Machine-Learning-Based Analysis in Genome-Edited Cells Reveals the Efficiency of Clathrin-Mediated Endocytosis.
A fundamental property of cell biology is the ability to internalize lipids, signaling molecules such as growth factors and nutrients ("cargo") through clathrin-mediated endocytosis (CME). During CME, cellular proteins and cargo molecules assemble at a region of the plasma membrane and form a coated pit which is subsequently pinched off to deliver the cargo molecules to the inside of the cell. Previous studies have reported that this process is highly inefficient, with a large fraction of potential CME sites failing to form vesicles, Here, we developed a robust tool to distinguish authentic CME sites from false CME sites. . When we excluded the false CME sites from our analyses, we found that the vast majority (∼90%) of the authentic CME sites form vesicles, in contrast to previous conclusions.

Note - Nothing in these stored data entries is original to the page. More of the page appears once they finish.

lemma intersection_lattice_mono: "A \<subseteq> B \<Longrightarrow> intersection_lattice A \<subseteq> intersection_lattice B"
  unfolding intersection_lattice_def by auto

lemma poset_iso_subset_iff:
  "poset_iso \<psi> A B \<Longrightarrow> X \<in> intersection_lattice A \<Longrightarrow> Y \<in> intersection_lattice A \<Longrightarrow>
    \<psi> X \<subseteq> \<psi> Y \<longleftrightarrow> X \<subseteq> Y"
  by (simp add: poset_iso_def)

lemma poset_iso_in_lattice:
  "poset_iso \<psi> A B \<Longrightarrow> X \<in> intersection_lattice A \<Longrightarrow> \<psi> X \<in> intersection_lattice B"
  by (auto simp: poset_iso_def bij_betw_def)

lemma poset_iso_Inter:
  assumes iso: "poset_iso \<psi> A B" and M: "M \<subseteq> intersection_lattice A"
  shows "\<psi> (\<Inter>M) = \<Inter>(\<psi> ` M)"
proof
  have MI: "\<Inter>M \<in> intersection_lattice A" using M by (rule Inter_in_intersection_lattice)
  have "\<psi> (\<Inter>M) \<subseteq> \<psi> X" if "X \<in> M" for X
    using that M poset_iso_subset_iff[OF iso MI, of X] by blast
  then show "\<psi> (\<Inter>M) \<subseteq> \<Inter>(\<psi> ` M)" by blast
  have "\<psi> ` M \<subseteq> intersection_lattice B" using M poset_iso_in_lattice[OF iso] by blast
  hence "\<Inter>(\<psi> ` M) \<in> intersection_lattice B" by (rule Inter_in_intersection_lattice)
  moreover have "intersection_lattice B = \<psi> ` intersection_lattice A"
    using iso by (simp add: poset_iso_def bij_betw_def)
  ultimately obtain W where W: "W \<in> intersection_lattice A" "\<psi> W = \<Inter>(\<psi> ` M)" by auto
  have "W \<subseteq> X" if "X \<in> M" for X
  proof -
    have "X \<in> intersection_lattice A" using that M by blast
    moreover have "\<psi> W \<subseteq> \<psi> X" using W(2) that by blast
    ultimately show ?thesis using poset_iso_subset_iff[OF iso W(1)] by blast
  qed
  hence "\<psi> W \<subseteq> \<psi> (\<Inter>M)" using poset_iso_subset_iff[OF iso W(1) MI] by blast
  thus "\<Inter>(\<psi> ` M) \<subseteq> \<psi> (\<Inter>M)" using W(2) by simp
qed

lemma poset_iso_UNIV: "poset_iso \<psi> A B \<Longrightarrow> \<psi> UNIV = UNIV"
  using poset_iso_Inter[of \<psi> A B "{}"] by simp

lemma poset_iso_neq_UNIV:
  assumes "poset_iso \<psi> A B" "X \<in> intersection_lattice A" "X \<noteq> UNIV"
  shows "\<psi> X \<noteq> UNIV"
  using assms poset_iso_UNIV[OF assms(1)] UNIV_in_intersection_lattice
  unfolding poset_iso_def bij_betw_def inj_on_def by metis

lemma poset_iso_inv_into:
  assumes "poset_iso \<psi> A B"
  shows "poset_iso (inv_into (intersection_lattice A) \<psi>) B A"
proof -
  have bij: "bij_betw \<psi> (intersection_lattice A) (intersection_lattice B)"
    using assms unfolding poset_iso_def by blast
  have "X \<subseteq> Y \<longleftrightarrow> inv_into (intersection_lattice A) \<psi> X \<subseteq> inv_into (intersection_lattice A) \<psi> Y"
    if "X \<in> intersection_lattice B" "Y \<in> intersection_lattice B" for X Y
    using that assms bij_betw_inv_into_right[OF bij] bij_betw_apply[OF bij_betw_inv_into[OF bij]]
    unfolding poset_iso_def by metis
  thus ?thesis
    using bij_betw_inv_into[OF bij] unfolding poset_iso_def by blast
qed

lemma poset_iso_agrees_Inter:
  assumes "poset_iso \<psi> A B" "bij \<phi>"
    and "Y \<subseteq> intersection_lattice A" and "\<forall>X\<in>Y. \<psi> X = \<phi> ` X"
  shows "\<psi> (\<Inter>Y) = \<phi> ` \<Inter>Y"
proof -
  have "\<psi> (\<Inter>Y) = \<Inter>(\<psi> ` Y)" using poset_iso_Inter assms(1,3) .
  also have "\<dots> = \<Inter>((\<lambda>X. \<phi> ` X) ` Y)" using assms(4) by simp
  also have "\<dots> = \<phi> ` \<Inter>Y" using bij_image_INT[OF assms(2), of id Y] by simp
  finally show ?thesis .
qed

lemma poset_iso_inv_into_agrees:
  assumes iso: "poset_iso \<psi> A B" and bij: "bij \<phi>"
    and S: "S \<subseteq> A" "\<forall>H\<in>S. \<psi> H = \<phi> ` H"
  shows "\<forall>K\<in>\<psi> ` S. inv_into (intersection_lattice A) \<psi> K = inv \<phi> ` K"
proof
  fix K assume "K \<in> \<psi> ` S"
  then obtain H where H: "H \<in> S" "K = \<psi> H" by blast
  have "inj_on \<psi> (intersection_lattice A)" using iso by (simp add: poset_iso_def bij_betw_def)
  moreover have "H \<in> intersection_lattice A" using H(1) S(1) subset_intersection_lattice by blast
  ultimately have "inv_into (intersection_lattice A) \<psi> K = H" using H(2) by simp
  moreover have "inv \<phi> ` K = H"
    using H S(2) image_inv_f_f[OF bij_is_inj[OF bij]] by simp
  ultimately show "inv_into (intersection_lattice A) \<psi> K = inv \<phi> ` K" by simp
qed

lemma Gen_subset: "S \<subseteq> A \<Longrightarrow> Gen scale A S i \<subseteq> A"
  by (cases i) auto

context finite_dimensional_vector_space
begin

lemma hyperplane_neq_UNIV: "is_hyperplane scale H \<Longrightarrow> H \<noteq> UNIV"
  unfolding is_hyperplane_def by auto

lemma hyperplane_maximal:
  assumes "is_hyperplane scale H" "subspace W" "H \<subseteq> W" "W \<noteq> UNIV"
  shows "W = H"
proof (rule ccontr)
  assume "W \<noteq> H"
  moreover have "subspace H" using assms(1) unfolding is_hyperplane_def by simp
  ultimately have "span H \<subset> span W" using assms(2,3) by (simp add: span_eq_iff[THEN iffD2])
  hence "dim H < dim W" by (rule dim_psubset)
  moreover have "dim W \<le> dim (UNIV :: 'b set)" by (rule dim_subset) simp
  ultimately have "dim W = dimension"
    using assms(1) unfolding is_hyperplane_def by (simp add: dimension_def)
  hence "span W = UNIV" using dim_eq_full by blast
  thus False using assms(2,4) by (simp add: span_eq_iff[THEN iffD2])
qed

lemma hyperplane_maximal_bij_image:
  assumes "Vector_Spaces.linear scale scale \<phi>" "bij \<phi>" "is_hyperplane scale H"
    and "subspace W" "\<phi> ` H \<subseteq> W" "W \<noteq> UNIV"
  shows "W = \<phi> ` H"
proof -
  interpret module_hom scale scale \<phi> using assms(1) by (simp add: linear_iff_module_hom)
  have "subspace (\<phi> -` W)" using subspace_vimage assms(4) .
  moreover have "\<phi> -` W \<noteq> UNIV"
  proof
    assume "\<phi> -` W = UNIV"
    hence "range \<phi> \<subseteq> W" by blast
    thus False using assms(2,6) by (auto simp: bij_is_surj)
  qed
  ultimately have "\<phi> -` W = H" using hyperplane_maximal assms(3,5) by blast
  thus ?thesis using assms(2) by (metis bij_is_surj surj_image_vimage_eq)
qed

lemma intersection_lattice_subspace:
  assumes "is_arrangement scale A" "X \<in> intersection_lattice A"
  shows "subspace X"
proof -
  obtain Y where "Y \<subseteq> A" "X = \<Inter>Y" using assms(2) by (rule intersection_latticeE)
  moreover have "\<forall>H\<in>A. subspace H" using assms(1) by (simp add: is_arrangement_def is_hyperplane_def)
  ultimately show ?thesis using subspace_Inter[of Y] by blast
qed

lemma poset_iso_agrees_span:
  assumes arrB: "is_arrangement scale B" and iso: "poset_iso \<psi> A B"
    and lin: "Vector_Spaces.linear scale scale \<phi>" and bij: "bij \<phi>"
    and H: "H \<in> A" "is_hyperplane scale H" "H = span (\<Union>J)"
    and J: "J \<subseteq> intersection_lattice A" "\<forall>X\<in>J. \<psi> X = \<phi> ` X"
  shows "\<psi> H = \<phi> ` H"
proof -
  interpret module_hom scale scale \<phi> using lin by (simp add: linear_iff_module_hom)
  have HL: "H \<in> intersection_lattice A" using H(1) subset_intersection_lattice by blast
  have \<psi>L: "\<psi> H \<in> intersection_lattice B" using poset_iso_in_lattice[OF iso HL] .
  have "\<phi> ` X \<subseteq> \<psi> H" if "X \<in> J" for X
  proof -
    have "X \<subseteq> H" unfolding H(3) using that span_superset by blast
    moreover have "X \<in> intersection_lattice A" using J(1) that by blast
    ultimately have "\<psi> X \<subseteq> \<psi> H" using poset_iso_subset_iff[OF iso _ HL] by blast
    thus ?thesis using J(2) that by simp
  qed
  hence "\<phi> ` \<Union>J \<subseteq> \<psi> H" by blast
  hence "span (\<phi> ` \<Union>J) \<subseteq> \<psi> H"
    by (rule span_minimal) (rule intersection_lattice_subspace[OF arrB \<psi>L])
  moreover have "\<phi> ` H = span (\<phi> ` \<Union>J)" unfolding H(3) by (rule span_image[symmetric])
  ultimately have "\<phi> ` H \<subseteq> \<psi> H" by simp
  moreover have "\<psi> H \<noteq> UNIV"
    using poset_iso_neq_UNIV[OF iso HL] hyperplane_neq_UNIV[OF H(2)] .
  ultimately show ?thesis
    by (rule hyperplane_maximal_bij_image[OF lin bij H(2) intersection_lattice_subspace[OF arrB \<psi>L]])
qed

lemma poset_iso_agrees_Gen:
  assumes arrA: "is_arrangement scale A" and arrB: "is_arrangement scale B"
    and iso: "poset_iso \<psi> A B" and lin: "Vector_Spaces.linear scale scale \<phi>" and bij: "bij \<phi>"
    and S: "S \<subseteq> A" "\<forall>H\<in>S. \<psi> H = \<phi> ` H"
  shows "\<forall>H\<in>Gen scale A S i. \<psi> H = \<phi> ` H"
proof (induction i)
  case 0
  then show ?case using S by simp
next
  case (Suc i)
  have flats: "\<psi> X = \<phi> ` X" if X: "X \<in> intersection_lattice (Gen scale A S i)" for X
  proof -
    obtain Y where Y: "Y \<subseteq> Gen scale A S i" "X = \<Inter>Y"
      using X by (rule intersection_latticeE)
    have "Y \<subseteq> intersection_lattice A"
      using Y(1) Gen_subset[OF S(1)] subset_intersection_lattice by blast
    moreover have "\<forall>Z\<in>Y. \<psi> Z = \<phi> ` Z" using Y(1) Suc.IH by blast
    ultimately show ?thesis using poset_iso_agrees_Inter[OF iso bij] Y(2) by simp
  qed
  have lattice: "intersection_lattice (Gen scale A S i) \<subseteq> intersection_lattice A"
    using Gen_subset[OF S(1)] by (rule intersection_lattice_mono)
  show ?case
  proof
    fix H assume "H \<in> Gen scale A S (Suc i)"
    then obtain J where H: "H \<in> A" "H = span (\<Union>J)"
      and J: "J \<subseteq> intersection_lattice (Gen scale A S i)"
      by (auto simp: subspace_sum_def)
    have "is_hyperplane scale H" using H(1) arrA by (simp add: is_arrangement_def)
    moreover have "J \<subseteq> intersection_lattice A" using J lattice by (rule order_trans)
    moreover have "\<forall>X\<in>J. \<psi> X = \<phi> ` X" using J flats by (simp add: subset_iff)
    ultimately show "\<psi> H = \<phi> ` H"
      using poset_iso_agrees_span[OF arrB iso lin bij H(1) _ H(2)] by blast
  qed
qed

lemma image_hyperplane_mem:
  assumes arrB: "is_arrangement scale B" and iso: "poset_iso \<psi> A B"
    and lin: "Vector_Spaces.linear scale scale \<phi>" and bij: "bij \<phi>"
    and H: "H \<in> A" "is_hyperplane scale H" "\<psi> H = \<phi> ` H"
  shows "\<phi> ` H \<in> B"
proof -
  have "H \<in> intersection_lattice A" using H(1) subset_intersection_lattice by blast
  hence "\<phi> ` H \<in> intersection_lattice B" using poset_iso_in_lattice[OF iso] H(3) by metis
  then obtain X where X: "X \<subseteq> B" "\<phi> ` H = \<Inter>X" by (rule intersection_latticeE)
  have "\<phi> ` H \<noteq> \<phi> ` UNIV"
    using hyperplane_neq_UNIV[OF H(2)] bij by (simp add: bij_is_inj inj_image_eq_iff)
  hence "X \<noteq> {}" using X(2) bij by (auto simp: bij_is_surj)
  then obtain K where K: "K \<in> X" by blast
  have hyp: "is_hyperplane scale K" using arrB X(1) K by (auto simp: is_arrangement_def)
  have "K = \<phi> ` H"
  proof (rule hyperplane_maximal_bij_image[OF lin bij H(2)])
    show "subspace K" using hyp by (simp add: is_hyperplane_def)
    show "\<phi> ` H \<subseteq> K" using X(2) K by blast
    show "K \<noteq> UNIV" using hyp by (rule hyperplane_neq_UNIV)
  qed
  thus ?thesis using K X(1) by blast
qed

Cells internalize various molecules through clathrin-mediated endocytosis (CME). Previous live-cell imaging studies suggested that CME is inefficient, with about half of the events terminated. These CME efficiency estimates may have been confounded by overexpression of fluorescently tagged proteins and inability to filter out false CME sites. Here, we employed genome editing and machine learning to identify and analyze authentic CME sites. We examined CME dynamics in cells that express fluorescent fusions of two defining CME proteins, AP2 and clathrin. Support vector machine classifiers were built to identify and analyze authentic CME sites. From inception until disappearance, authentic CME sites contain both AP2 and clathrin, have the same degree of limited mobility, continue to accumulate AP2 and clathrin over lifetimes > approximately 20 s, and almost always form vesicles as assessed by dynamin2 recruitment. Sites that contain only clathrin or AP2 show distinct dynamics, suggesting they are not part of the CME pathway.